I told him that, yes, I would consider that. I'd had such a great time at the “21” Club. Tommy Dorsey had said hello to Ziggy, and Cary Grant had come over and introduced himself! And two people came over to our booth and asked Ziggy for his autograph. It was quite exciting.
The next day the doorman buzzed me and said there was something for me in the lobby. I went down there and there was a box from Lord & Taylor. Ziggy had sent me twenty gold silk scarves.
FREDDY BLISS: My mother's hair when she was young was jet black. She had very curly black hair, a little bit like Hedy Lamarr's, and had to iron it to get the kinks out. She used to dye it blond all the time. Any time a root reared its ugly head, it was off to Mr.
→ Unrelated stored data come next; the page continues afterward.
(* Let $S$ be a finite symmetric generating set of $\mathbb{Z}$ and $(X_n)_{n\ge0}$ the lazy random walk on $\mathrm{Cay}(\mathbb{Z},S)$. Then $$\mathbb{E}[D_{\mathbb{Z}}(X_n)]\xrightarrow[n\to\infty]{}2+\sum_{k\ge2}\frac{1}{[\mathbb{Z}:\Lambda_k]}<\infty.$$
   Context: For $x\ne0$, $D_{\mathbb{Z}}(x)=\min\{[\mathbb{Z}:N]: N \text{ a finite index subgroup of }\mathbb{Z},\ x\notin N\}$, and $D_{\mathbb{Z}}(0)=0$. $\Lambda_k$ ($k\ge2$) is the intersection of all subgroups of $\mathbb{Z}$ of index at most $k$. The lazy random walk starts at $0$ and at each step stays put with probability $1/2$ and otherwise adds a uniformly chosen element of $S$. *)

theory Defs
  imports "HOL-Probability.Probability"
begin

definition int_subgroup :: "int set \<Rightarrow> bool" where
  "int_subgroup N \<longleftrightarrow> 0 \<in> N \<and> (\<forall>a\<in>N. \<forall>b\<in>N. a - b \<in> N)"

definition int_cosets :: "int set \<Rightarrow> int set set" where
  "int_cosets N = {{x + n | n. n \<in> N} | x. True}"

definition finite_index :: "int set \<Rightarrow> bool" where
  "finite_index N \<longleftrightarrow> int_subgroup N \<and> finite (int_cosets N)"

definition int_index :: "int set \<Rightarrow> nat" where
  "int_index N = card (int_cosets N)"

definition DZ :: "int \<Rightarrow> nat" where
  "DZ x = (if x = 0 then 0
           else Inf {int_index N | N. finite_index N \<and> x \<notin> N})"

definition Lambda :: "nat \<Rightarrow> int set" where
  "Lambda k = \<Inter> {N. finite_index N \<and> int_index N \<le> k}"

definition int_generated :: "int set \<Rightarrow> int set" where
  "int_generated S = \<Inter> {N. int_subgroup N \<and> S \<subseteq> N}"

definition lazy_step :: "int set \<Rightarrow> int pmf" where
  "lazy_step S = bind_pmf (bernoulli_pmf (1/2))
     (\<lambda>b. if b then return_pmf 0 else pmf_of_set S)"

primrec lazy_walk :: "int set \<Rightarrow> nat \<Rightarrow> int pmf" where
  "lazy_walk S 0 = return_pmf 0"
| "lazy_walk S (Suc n) = bind_pmf (lazy_walk S n) (\<lambda>x. map_pmf (\<lambda>s. x + s) (lazy_step S))"

end

theory Submission
  imports Defs
begin

(*
  The finite-index subgroups of Z are the mZ with m > 0, of index m. Hence Lambda_k = lcm(1..k) Z,
  and for x <> 0 the value D(x) is the least positive integer not dividing x, so x lies in
  Lambda_k exactly for k < D(x). This gives D = 2 * 1_{Z - {0}} + sum_{k >= 2} 1_{Lambda_k - {0}}.

  The functions x |-> cos(t x) are eigenfunctions of the transition operator of the lazy walk,
  with eigenvalue phi(t) in [0, 1], and phi(2 pi j / m) < 1 for 0 < j < m because S generates Z;
  averaging over j shows P(m | X_n) -> 1/m. Writing the transition operator as an average of the
  half-shifts f |-> (f + f(. + s)) / 2 bounds P(X_n = x) by a binomial average of central binomial
  probabilities, which is O(n^(-1/2)). So the k-th term converges to 1/[Z : Lambda_k].
  Since lcm(1..k+2) >= (k+1)^3 / 4, counting the multiples of lcm(1..k+2) in
  [-(k+1) sqrt n, (k+1) sqrt n] and applying Chebyshev's inequality (E X_n^2 = O(n)) outside
  bounds the k-th term by O(k^(-2)) uniformly in n, and Tannery's theorem exchanges limit and sum.
*)

section \<open>Subgroups of the integers\<close>

lemma int_subgroup_zero: "int_subgroup N \<Longrightarrow> 0 \<in> N"
  by (simp add: int_subgroup_def)

lemma int_subgroup_diff: "int_subgroup N \<Longrightarrow> a \<in> N \<Longrightarrow> b \<in> N \<Longrightarrow> a - b \<in> N"
  by (simp add: int_subgroup_def)

lemma int_subgroup_uminus: "int_subgroup N \<Longrightarrow> a \<in> N \<Longrightarrow> - a \<in> N"
  using int_subgroup_diff[of N 0 a] int_subgroup_zero by auto

lemma int_subgroup_add: "int_subgroup N \<Longrightarrow> a \<in> N \<Longrightarrow> b \<in> N \<Longrightarrow> a + b \<in> N"
  using int_subgroup_diff[of N a "- b"] int_subgroup_uminus by auto

lemma int_subgroup_mult_nat: "int_subgroup N \<Longrightarrow> a \<in> N \<Longrightarrow> a * int k \<in> N"
  by (induction k) (auto simp: int_subgroup_zero algebra_simps intro: int_subgroup_add)

lemma int_subgroup_mult:
  assumes "int_subgroup N" "a \<in> N"
  shows "a * k \<in> N"
proof (cases "k \<ge> 0")
  case True
  then show ?thesis using int_subgroup_mult_nat[OF assms, of "nat k"] by simp
next
  case False
  then show ?thesis
    using int_subgroup_uminus[OF assms(1) int_subgroup_mult_nat[OF assms, of "nat (- k)"]] by simp
qed

lemma int_subgroup_multiples: "int_subgroup {y. (m::int) dvd y}"
  by (auto simp: int_subgroup_def)

lemma int_generated_least: "int_subgroup N \<Longrightarrow> S \<subseteq> N \<Longrightarrow> int_generated S \<subseteq> N"
  unfolding int_generated_def by blast

lemma int_subgroup_eq_multiples:
  assumes N: "int_subgroup N" and "N \<noteq> {0}"
  shows "\<exists>m>0. N = {y. m dvd y}"
proof -
  obtain x where x: "x \<in> N" "x \<noteq> 0" using int_subgroup_zero[OF N] \<open>N \<noteq> {0}\<close> by blast
  have "\<exists>n. 0 < n \<and> int n \<in> N"
    using x int_subgroup_uminus[OF N] by (intro exI[of _ "nat \<bar>x\<bar>"]) (cases "x \<ge> 0", auto)
  define n where "n = (LEAST n. 0 < n \<and> int n \<in> N)"
  have n: "0 < n" "int n \<in> N" using LeastI_ex[OF \<open>\<exists>n. 0 < n \<and> int n \<in> N\<close>] unfolding n_def by auto
  have least: "\<And>k. 0 < k \<Longrightarrow> int k \<in> N \<Longrightarrow> n \<le> k" unfolding n_def by (simp add: Least_le)
  have "N = {y. int n dvd y}"
  proof (intro set_eqI iffI)
    fix y assume "y \<in> N"
    then have r: "y mod int n \<in> N"
      using int_subgroup_diff[OF N _ int_subgroup_mult[OF N n(2)], of y "y div int n"]
      by (simp add: minus_mult_div_eq_mod)
    show "y \<in> {y. int n dvd y}"
    proof (rule ccontr)
      assume "y \<notin> {y. int n dvd y}"
      then have "0 < nat (y mod int n)" using n(1) by (simp add: dvd_eq_mod_eq_0 order_le_neq_trans)
      then have "n \<le> nat (y mod int n)" using least[of "nat (y mod int n)"] r by simp
      then have "int n \<le> y mod int n" using n(1) by (simp add: le_nat_iff)
      moreover have "y mod int n < int n" using n(1) by simp
      ultimately show False by simp
    qed
  next
    fix y assume "y \<in> {y. int n dvd y}"
    then show "y \<in> N" using int_subgroup_mult[OF N n(2)] by auto
  qed
  then show ?thesis using n(1) by (intro exI[of _ "int n"]) simp
qed

lemma int_cosets_multiples:
  assumes "m > 0"
  shows "int_cosets {y. m dvd y} = (\<lambda>r. {y. y mod m = r}) ` {0..<m}"
proof -
  have coset: "{x + n |n. n \<in> {y. m dvd y}} = {y. y mod m = x mod m}" for x
  proof (intro set_eqI iffI)
    fix y assume "y \<in> {y. y mod m = x mod m}"
    then have "m dvd y - x" by (simp add: mod_eq_dvd_iff)
    then show "y \<in> {x + n |n. n \<in> {y. m dvd y}}" by (intro CollectI exI[of _ "y - x"]) auto
  qed (auto simp: mod_eq_dvd_iff)
  have "range (\<lambda>x. x mod m) = {0..<m}"
  proof (intro set_eqI iffI)
    fix r assume "r \<in> {0..<m}"
    then show "r \<in> range (\<lambda>x. x mod m)" by (intro range_eqI[of _ _ r]) simp
  qed (use assms in auto)
  moreover have "int_cosets {y. m dvd y} = (\<lambda>r. {y. y mod m = r}) ` range (\<lambda>x. x mod m)"
    unfolding int_cosets_def coset by blast
  ultimately show ?thesis by simp
qed

lemma
  assumes "m > 0"
  shows finite_int_cosets_multiples: "finite (int_cosets {y. m dvd y})"
    and int_index_multiples: "int_index {y. m dvd y} = nat m"
proof -
  have "inj_on (\<lambda>r. {y. y mod m = r}) {0..<m}"
    by (rule inj_onI) (metis (mono_tags) atLeastLessThan_iff mem_Collect_eq mod_pos_pos_trivial)
  then show "finite (int_cosets {y. m dvd y})" "int_index {y. m dvd y} = nat m"
    unfolding int_index_def int_cosets_multiples[OF assms] by (simp_all add: card_image)
qed

lemma infinite_int_cosets_zero: "infinite (int_cosets {0})"
proof -
  have "int_cosets {0} = range (\<lambda>x. {x})" unfolding int_cosets_def by auto
  then show ?thesis using finite_imageD[of "\<lambda>x::int. {x}" UNIV] infinite_UNIV_int by (auto intro: injI)
qed

lemma finite_index_iff: "finite_index N \<longleftrightarrow> (\<exists>m>0. N = {y. m dvd y})"
proof
  assume "finite_index N"
  then have "int_subgroup N" "N \<noteq> {0}" using infinite_int_cosets_zero by (auto simp: finite_index_def)
  then show "\<exists>m>0. N = {y. m dvd y}" by (rule int_subgroup_eq_multiples)
next
  assume "\<exists>m>0. N = {y. m dvd y}"
  then show "finite_index N"
    using int_subgroup_multiples finite_int_cosets_multiples by (auto simp: finite_index_def)
qed

section \<open>The subgroups \<open>\<Lambda>\<^sub>k\<close> and the function \<open>D\<^sub>\<int>\<close>\<close>

definition lcm_upto :: "nat \<Rightarrow> int" where
  "lcm_upto k = Lcm (int ` {1..k})"

lemma lcm_upto_pos: "lcm_upto k > 0"
proof -
  have "lcm_upto k \<noteq> 0" unfolding lcm_upto_def by (subst Lcm_0_iff) auto
  then show ?thesis using Lcm_int_greater_eq_0 unfolding lcm_upto_def by (simp add: order_le_neq_trans)
qed

lemma lcm_upto_dvd_iff: "lcm_upto k dvd x \<longleftrightarrow> (\<forall>m\<in>{1..k}. int m dvd x)"
  unfolding lcm_upto_def Lcm_dvd_iff by auto

lemma int_dvd_lcm_upto: "1 \<le> m \<Longrightarrow> m \<le> k \<Longrightarrow> int m dvd lcm_upto k"
  unfolding lcm_upto_def by (intro dvd_Lcm) auto

lemma Lambda_eq_multiples: "Lambda k = {y. lcm_upto k dvd y}"
proof (intro set_eqI iffI)
  fix y assume y: "y \<in> Lambda k"
  have "int m dvd y" if "m \<in> {1..k}" for m
  proof -
    have "finite_index {y. int m dvd y}"
      unfolding finite_index_iff using that by (intro exI[of _ "int m"]) simp
    moreover have "int_index {y. int m dvd y} \<le> k" using that by (simp add: int_index_multiples)
    ultimately have "y \<in> {y. int m dvd y}" using y unfolding Lambda_def by blast
    then show ?thesis by simp
  qed
  then show "y \<in> {y. lcm_upto k dvd y}" by (simp add: lcm_upto_dvd_iff)
next
  fix y assume y: "y \<in> {y. lcm_upto k dvd y}"
  show "y \<in> Lambda k" unfolding Lambda_def
  proof (rule InterI)
    fix N assume "N \<in> {N. finite_index N \<and> int_index N \<le> k}"
    then obtain m where m: "m > 0" "N = {y. m dvd y}" "nat m \<le> k"
      by (auto simp: finite_index_iff int_index_multiples)
    have "\<forall>m\<in>{1..k}. int m dvd y" using y by (simp add: lcm_upto_dvd_iff)
    moreover have "nat m \<in> {1..k}" using m by auto
    ultimately have "int (nat m) dvd y" by blast
    then show "y \<in> N" using m by simp
  qed
qed

lemma int_index_Lambda: "int_index (Lambda k) = nat (lcm_upto k)"
  unfolding Lambda_eq_multiples using int_index_multiples[OF lcm_upto_pos] .

lemma DZ_eq_Inf:
  assumes "x \<noteq> 0"
  shows "DZ x = Inf {n. 0 < n \<and> \<not> int n dvd x}"
proof -
  have "{int_index N | N. finite_index N \<and> x \<notin> N} = {n. 0 < n \<and> \<not> int n dvd x}"
  proof (intro set_eqI iffI)
    fix n assume "n \<in> {int_index N | N. finite_index N \<and> x \<notin> N}"
    then show "n \<in> {n. 0 < n \<and> \<not> int n dvd x}"
      by (auto simp: finite_index_iff int_index_multiples)
  next
    fix n assume n: "n \<in> {n. 0 < n \<and> \<not> int n dvd x}"
    then have "finite_index {y. int n dvd y}"
      unfolding finite_index_iff by (intro exI[of _ "int n"]) simp
    then show "n \<in> {int_index N | N. finite_index N \<and> x \<notin> N}"
      using n int_index_multiples[of "int n"] by (intro CollectI exI[of _ "{y. int n dvd y}"]) auto
  qed
  then show ?thesis using assms by (simp add: DZ_def)
qed

lemma
  assumes "x \<noteq> 0"
  shows DZ_pos: "0 < DZ x"
    and not_dvd_DZ: "\<not> int (DZ x) dvd x"
    and dvd_of_less_DZ: "0 < m \<Longrightarrow> m < DZ x \<Longrightarrow> int m dvd x"
proof -
  let ?K = "{n. 0 < n \<and> \<not> int n dvd x}"
  have "\<not> int (nat \<bar>x\<bar> + 1) dvd x"
  proof
    assume "int (nat \<bar>x\<bar> + 1) dvd x"
    then have "\<bar>int (nat \<bar>x\<bar> + 1)\<bar> \<le> \<bar>x\<bar>" by (rule dvd_imp_le_int[OF assms])
    then show False by simp
  qed
  then have "nat \<bar>x\<bar> + 1 \<in> ?K" by simp
  then have "?K \<noteq> {}" by (metis empty_iff)
  then have "DZ x \<in> ?K" unfolding DZ_eq_Inf[OF assms] by (rule Inf_nat_def1)
  then show "0 < DZ x" "\<not> int (DZ x) dvd x" by auto
  show "int m dvd x" if "0 < m" "m < DZ x"
  proof (rule ccontr)
    assume "\<not> int m dvd x"
    then have "m \<in> ?K" using that by simp
    then have "DZ x \<le> m" unfolding DZ_eq_Inf[OF assms] by (rule cInf_lower) simp
    then show False using that by simp
  qed
qed

lemma two_le_DZ: "x \<noteq> 0 \<Longrightarrow> 2 \<le> DZ x"
  using DZ_pos[of x] not_dvd_DZ[of x] by (cases "DZ x = 1") auto

lemma lcm_upto_dvd_iff_less_DZ: "x \<noteq> 0 \<Longrightarrow> lcm_upto k dvd x \<longleftrightarrow> k < DZ x"
  using DZ_pos[of x] not_dvd_DZ[of x] dvd_of_less_DZ[of x]
  by (auto simp: lcm_upto_dvd_iff not_less)

lemma DZ_sums:
  "(\<lambda>k. indicator (Lambda (k + 2) - {0}) x :: real) sums (real (DZ x) - 2 * indicator (- {0}) x)"
proof (cases "x = 0")
  case True
  then show ?thesis by (simp add: DZ_def)
next
  case False
  have "indicator (Lambda (k + 2) - {0}) x = (if k \<in> {..<DZ x - 2} then 1 else 0 :: real)" for k
    using lcm_upto_dvd_iff_less_DZ[OF False, of "k + 2"] False by (auto simp: Lambda_eq_multiples)
  then have "(\<lambda>k. indicator (Lambda (k + 2) - {0}) x :: real) sums (\<Sum>k<DZ x - 2. 1)"
    using sums_If_finite_set[of "{..<DZ x - 2}" "\<lambda>_. 1 :: real"] by simp
  then show ?thesis using False two_le_DZ[OF False] by (simp add: of_nat_diff)
qed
Paolo.
After she and Dad moved to Los Angeles, Mom had her nose fixed. The plastic surgeon, the best there was, did a wonderful job. No bumps or ridges or anything. It was perfect. And then she had it redone. Why? Because it was too perfect. It made her look like a Jewish woman who'd gotten a nose job trying to disguise the fact that she was Jewish. Which is what she was. So she went back and the same doctor put in just the slightest, slightest ridge. And that was Mom.